- [TO DO]: Copy out, from the data below, each line in which the word "intro" occurs.

*** Opening of DATASET CONTENT ***

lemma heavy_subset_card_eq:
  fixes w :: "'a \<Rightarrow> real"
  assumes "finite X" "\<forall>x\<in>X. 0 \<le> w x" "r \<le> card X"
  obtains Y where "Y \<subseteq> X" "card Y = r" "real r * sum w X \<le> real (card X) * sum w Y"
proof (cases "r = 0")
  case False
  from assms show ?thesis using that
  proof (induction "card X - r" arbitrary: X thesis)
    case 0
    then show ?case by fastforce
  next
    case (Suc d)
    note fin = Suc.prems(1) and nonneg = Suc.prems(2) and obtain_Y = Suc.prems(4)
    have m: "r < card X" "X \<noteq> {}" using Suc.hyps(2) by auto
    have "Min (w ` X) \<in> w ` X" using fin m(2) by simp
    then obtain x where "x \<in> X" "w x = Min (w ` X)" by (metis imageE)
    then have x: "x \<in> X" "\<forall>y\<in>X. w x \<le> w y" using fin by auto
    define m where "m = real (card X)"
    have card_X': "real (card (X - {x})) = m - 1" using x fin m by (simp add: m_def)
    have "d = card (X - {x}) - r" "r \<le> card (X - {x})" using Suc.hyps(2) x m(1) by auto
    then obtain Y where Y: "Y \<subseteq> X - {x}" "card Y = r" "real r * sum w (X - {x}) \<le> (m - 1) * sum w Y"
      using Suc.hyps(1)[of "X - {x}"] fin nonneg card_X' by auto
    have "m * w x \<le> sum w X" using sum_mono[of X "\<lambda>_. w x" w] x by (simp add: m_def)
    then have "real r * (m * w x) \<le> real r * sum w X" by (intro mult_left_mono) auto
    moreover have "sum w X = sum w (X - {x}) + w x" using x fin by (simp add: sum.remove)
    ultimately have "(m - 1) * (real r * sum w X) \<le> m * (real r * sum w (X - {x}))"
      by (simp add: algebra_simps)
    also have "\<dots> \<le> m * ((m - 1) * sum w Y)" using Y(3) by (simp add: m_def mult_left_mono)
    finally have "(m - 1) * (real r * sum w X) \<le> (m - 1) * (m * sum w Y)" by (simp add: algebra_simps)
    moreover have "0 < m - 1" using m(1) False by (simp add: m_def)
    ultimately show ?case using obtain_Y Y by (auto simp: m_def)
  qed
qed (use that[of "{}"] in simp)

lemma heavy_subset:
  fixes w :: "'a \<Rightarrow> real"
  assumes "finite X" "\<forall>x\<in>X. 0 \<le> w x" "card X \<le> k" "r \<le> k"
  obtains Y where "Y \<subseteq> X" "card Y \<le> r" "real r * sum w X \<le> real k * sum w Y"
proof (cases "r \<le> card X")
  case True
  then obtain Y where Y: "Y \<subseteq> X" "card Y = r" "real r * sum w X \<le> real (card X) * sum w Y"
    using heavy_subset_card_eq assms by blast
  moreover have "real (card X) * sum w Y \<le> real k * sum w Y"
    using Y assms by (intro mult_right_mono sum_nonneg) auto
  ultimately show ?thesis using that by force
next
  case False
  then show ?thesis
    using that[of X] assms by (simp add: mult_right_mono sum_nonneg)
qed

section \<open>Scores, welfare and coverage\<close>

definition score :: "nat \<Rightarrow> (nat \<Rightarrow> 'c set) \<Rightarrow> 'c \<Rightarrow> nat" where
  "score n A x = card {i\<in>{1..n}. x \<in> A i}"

*** Close of DATASET CONTENT ***
*** Opening of DATASET CONTENT ***

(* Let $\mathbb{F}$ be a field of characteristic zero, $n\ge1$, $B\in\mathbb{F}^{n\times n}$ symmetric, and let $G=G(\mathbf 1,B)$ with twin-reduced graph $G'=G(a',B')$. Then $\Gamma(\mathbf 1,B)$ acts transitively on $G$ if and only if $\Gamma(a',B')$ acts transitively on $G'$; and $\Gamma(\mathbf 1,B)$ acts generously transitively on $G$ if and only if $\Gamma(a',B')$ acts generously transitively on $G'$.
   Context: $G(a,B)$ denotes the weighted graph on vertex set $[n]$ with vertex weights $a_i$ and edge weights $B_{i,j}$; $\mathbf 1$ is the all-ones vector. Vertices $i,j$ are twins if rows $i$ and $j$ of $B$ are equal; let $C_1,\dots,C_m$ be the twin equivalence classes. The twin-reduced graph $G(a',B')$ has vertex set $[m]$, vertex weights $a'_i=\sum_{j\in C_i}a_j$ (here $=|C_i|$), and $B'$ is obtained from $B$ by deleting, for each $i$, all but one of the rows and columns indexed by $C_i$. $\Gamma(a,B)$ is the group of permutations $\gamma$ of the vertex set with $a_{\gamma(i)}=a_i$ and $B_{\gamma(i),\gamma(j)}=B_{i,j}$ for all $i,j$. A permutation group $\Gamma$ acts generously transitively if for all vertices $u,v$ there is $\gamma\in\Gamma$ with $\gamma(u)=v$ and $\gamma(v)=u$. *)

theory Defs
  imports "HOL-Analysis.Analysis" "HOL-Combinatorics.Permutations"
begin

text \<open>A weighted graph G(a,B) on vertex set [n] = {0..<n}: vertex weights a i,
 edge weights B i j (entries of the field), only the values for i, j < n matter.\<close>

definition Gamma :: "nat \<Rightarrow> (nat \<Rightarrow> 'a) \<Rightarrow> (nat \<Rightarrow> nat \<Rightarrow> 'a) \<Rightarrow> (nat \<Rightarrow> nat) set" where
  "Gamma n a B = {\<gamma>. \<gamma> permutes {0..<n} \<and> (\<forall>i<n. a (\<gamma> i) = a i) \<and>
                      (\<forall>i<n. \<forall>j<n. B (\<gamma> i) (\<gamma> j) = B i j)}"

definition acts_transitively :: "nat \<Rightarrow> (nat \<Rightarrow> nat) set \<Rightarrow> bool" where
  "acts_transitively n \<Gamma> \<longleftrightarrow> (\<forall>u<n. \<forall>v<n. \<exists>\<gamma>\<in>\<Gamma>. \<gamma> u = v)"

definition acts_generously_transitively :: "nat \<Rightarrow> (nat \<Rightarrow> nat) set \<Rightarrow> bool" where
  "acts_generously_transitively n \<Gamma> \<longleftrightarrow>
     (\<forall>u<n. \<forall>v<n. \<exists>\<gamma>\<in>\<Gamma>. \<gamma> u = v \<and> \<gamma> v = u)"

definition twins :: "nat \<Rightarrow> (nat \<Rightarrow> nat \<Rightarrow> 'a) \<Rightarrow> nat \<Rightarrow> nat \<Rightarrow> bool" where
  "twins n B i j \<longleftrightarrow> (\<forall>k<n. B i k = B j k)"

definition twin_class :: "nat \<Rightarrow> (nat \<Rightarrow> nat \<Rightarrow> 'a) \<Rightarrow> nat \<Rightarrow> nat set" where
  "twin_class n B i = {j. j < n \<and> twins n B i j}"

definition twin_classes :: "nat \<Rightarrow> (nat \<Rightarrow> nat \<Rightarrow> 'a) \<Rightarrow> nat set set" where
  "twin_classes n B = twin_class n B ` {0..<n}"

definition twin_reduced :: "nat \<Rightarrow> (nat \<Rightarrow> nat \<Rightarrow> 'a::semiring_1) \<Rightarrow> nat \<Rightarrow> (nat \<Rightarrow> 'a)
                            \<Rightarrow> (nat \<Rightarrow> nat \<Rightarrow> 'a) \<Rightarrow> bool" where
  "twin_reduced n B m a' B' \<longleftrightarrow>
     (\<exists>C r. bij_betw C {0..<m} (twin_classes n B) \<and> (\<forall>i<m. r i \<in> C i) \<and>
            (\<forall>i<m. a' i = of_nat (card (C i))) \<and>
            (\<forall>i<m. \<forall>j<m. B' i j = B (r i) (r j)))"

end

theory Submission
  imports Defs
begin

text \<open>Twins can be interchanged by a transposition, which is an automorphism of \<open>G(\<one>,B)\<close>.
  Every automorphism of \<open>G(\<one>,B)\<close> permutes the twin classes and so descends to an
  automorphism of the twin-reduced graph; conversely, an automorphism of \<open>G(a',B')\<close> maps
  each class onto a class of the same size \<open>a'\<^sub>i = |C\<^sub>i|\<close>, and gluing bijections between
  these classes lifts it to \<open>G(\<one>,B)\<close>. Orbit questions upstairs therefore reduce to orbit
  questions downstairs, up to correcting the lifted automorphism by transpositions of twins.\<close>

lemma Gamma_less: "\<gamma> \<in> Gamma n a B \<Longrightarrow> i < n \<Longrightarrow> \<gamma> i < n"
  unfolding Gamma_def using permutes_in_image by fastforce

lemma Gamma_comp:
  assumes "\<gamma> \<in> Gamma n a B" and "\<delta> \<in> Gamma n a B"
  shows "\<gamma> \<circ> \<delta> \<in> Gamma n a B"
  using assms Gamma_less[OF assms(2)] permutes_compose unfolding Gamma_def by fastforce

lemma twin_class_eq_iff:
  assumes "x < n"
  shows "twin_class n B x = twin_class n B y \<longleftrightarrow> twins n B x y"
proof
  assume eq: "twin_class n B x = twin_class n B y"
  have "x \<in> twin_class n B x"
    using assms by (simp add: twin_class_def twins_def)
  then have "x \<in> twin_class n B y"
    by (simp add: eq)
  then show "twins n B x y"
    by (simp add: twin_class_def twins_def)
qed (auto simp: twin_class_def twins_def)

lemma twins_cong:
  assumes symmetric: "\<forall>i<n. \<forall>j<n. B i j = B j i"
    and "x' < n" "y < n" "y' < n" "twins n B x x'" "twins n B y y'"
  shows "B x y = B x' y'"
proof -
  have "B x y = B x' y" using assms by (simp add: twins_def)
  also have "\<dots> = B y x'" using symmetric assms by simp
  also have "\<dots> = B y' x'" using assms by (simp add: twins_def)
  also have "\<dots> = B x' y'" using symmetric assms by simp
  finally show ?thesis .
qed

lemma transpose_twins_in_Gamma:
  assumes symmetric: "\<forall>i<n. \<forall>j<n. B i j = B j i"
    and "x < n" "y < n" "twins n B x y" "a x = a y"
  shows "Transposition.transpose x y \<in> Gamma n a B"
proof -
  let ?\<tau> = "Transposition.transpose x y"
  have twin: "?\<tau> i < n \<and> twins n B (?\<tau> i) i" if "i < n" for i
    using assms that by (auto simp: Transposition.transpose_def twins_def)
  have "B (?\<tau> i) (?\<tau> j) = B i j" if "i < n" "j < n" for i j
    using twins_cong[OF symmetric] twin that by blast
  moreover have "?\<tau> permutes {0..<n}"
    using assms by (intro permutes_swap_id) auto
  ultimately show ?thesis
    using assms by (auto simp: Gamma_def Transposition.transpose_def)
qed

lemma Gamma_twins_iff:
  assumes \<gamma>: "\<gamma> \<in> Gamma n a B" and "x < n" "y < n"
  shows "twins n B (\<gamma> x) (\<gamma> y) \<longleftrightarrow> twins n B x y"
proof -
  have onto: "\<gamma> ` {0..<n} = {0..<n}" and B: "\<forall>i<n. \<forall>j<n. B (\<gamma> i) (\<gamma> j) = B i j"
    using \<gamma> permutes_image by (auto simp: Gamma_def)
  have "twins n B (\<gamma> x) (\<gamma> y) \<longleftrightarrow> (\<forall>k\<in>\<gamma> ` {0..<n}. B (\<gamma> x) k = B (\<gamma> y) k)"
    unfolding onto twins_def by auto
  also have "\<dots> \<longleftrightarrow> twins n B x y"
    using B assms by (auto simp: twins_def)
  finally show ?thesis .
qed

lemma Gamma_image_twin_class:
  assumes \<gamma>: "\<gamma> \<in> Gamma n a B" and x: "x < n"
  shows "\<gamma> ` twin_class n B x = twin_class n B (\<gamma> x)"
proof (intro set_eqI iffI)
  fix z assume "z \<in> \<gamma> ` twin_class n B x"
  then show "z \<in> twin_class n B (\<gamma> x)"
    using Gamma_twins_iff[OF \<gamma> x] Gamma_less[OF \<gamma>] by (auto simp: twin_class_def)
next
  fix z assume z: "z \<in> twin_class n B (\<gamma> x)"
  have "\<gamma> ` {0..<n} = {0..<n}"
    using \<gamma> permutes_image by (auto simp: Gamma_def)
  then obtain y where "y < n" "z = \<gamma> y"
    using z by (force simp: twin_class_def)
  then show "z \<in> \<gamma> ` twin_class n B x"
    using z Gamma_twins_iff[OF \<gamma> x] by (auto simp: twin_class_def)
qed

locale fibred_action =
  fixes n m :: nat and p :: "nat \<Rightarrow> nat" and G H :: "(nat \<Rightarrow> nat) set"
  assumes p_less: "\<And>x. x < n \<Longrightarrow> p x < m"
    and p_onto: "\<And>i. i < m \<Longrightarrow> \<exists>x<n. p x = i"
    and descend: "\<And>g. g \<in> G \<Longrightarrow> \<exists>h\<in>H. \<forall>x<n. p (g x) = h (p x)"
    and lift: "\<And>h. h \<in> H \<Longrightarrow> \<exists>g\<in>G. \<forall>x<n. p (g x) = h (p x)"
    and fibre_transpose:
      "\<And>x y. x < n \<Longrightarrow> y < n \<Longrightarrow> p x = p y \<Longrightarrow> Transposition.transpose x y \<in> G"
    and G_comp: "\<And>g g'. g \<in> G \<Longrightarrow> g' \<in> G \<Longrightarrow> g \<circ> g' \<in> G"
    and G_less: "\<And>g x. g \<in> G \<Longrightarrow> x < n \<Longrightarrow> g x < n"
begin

*** Close of DATASET CONTENT ***

- [SOLVED PROBLEM]:
    then have "real r * (m * w x) \<le> real r * sum w X" by (intro mult_left_mono) auto
    using Y assms by (intro mult_right_mono sum_nonneg) auto
    using assms by (intro permutes_swap_id) auto
proof (intro set_eqI iffI)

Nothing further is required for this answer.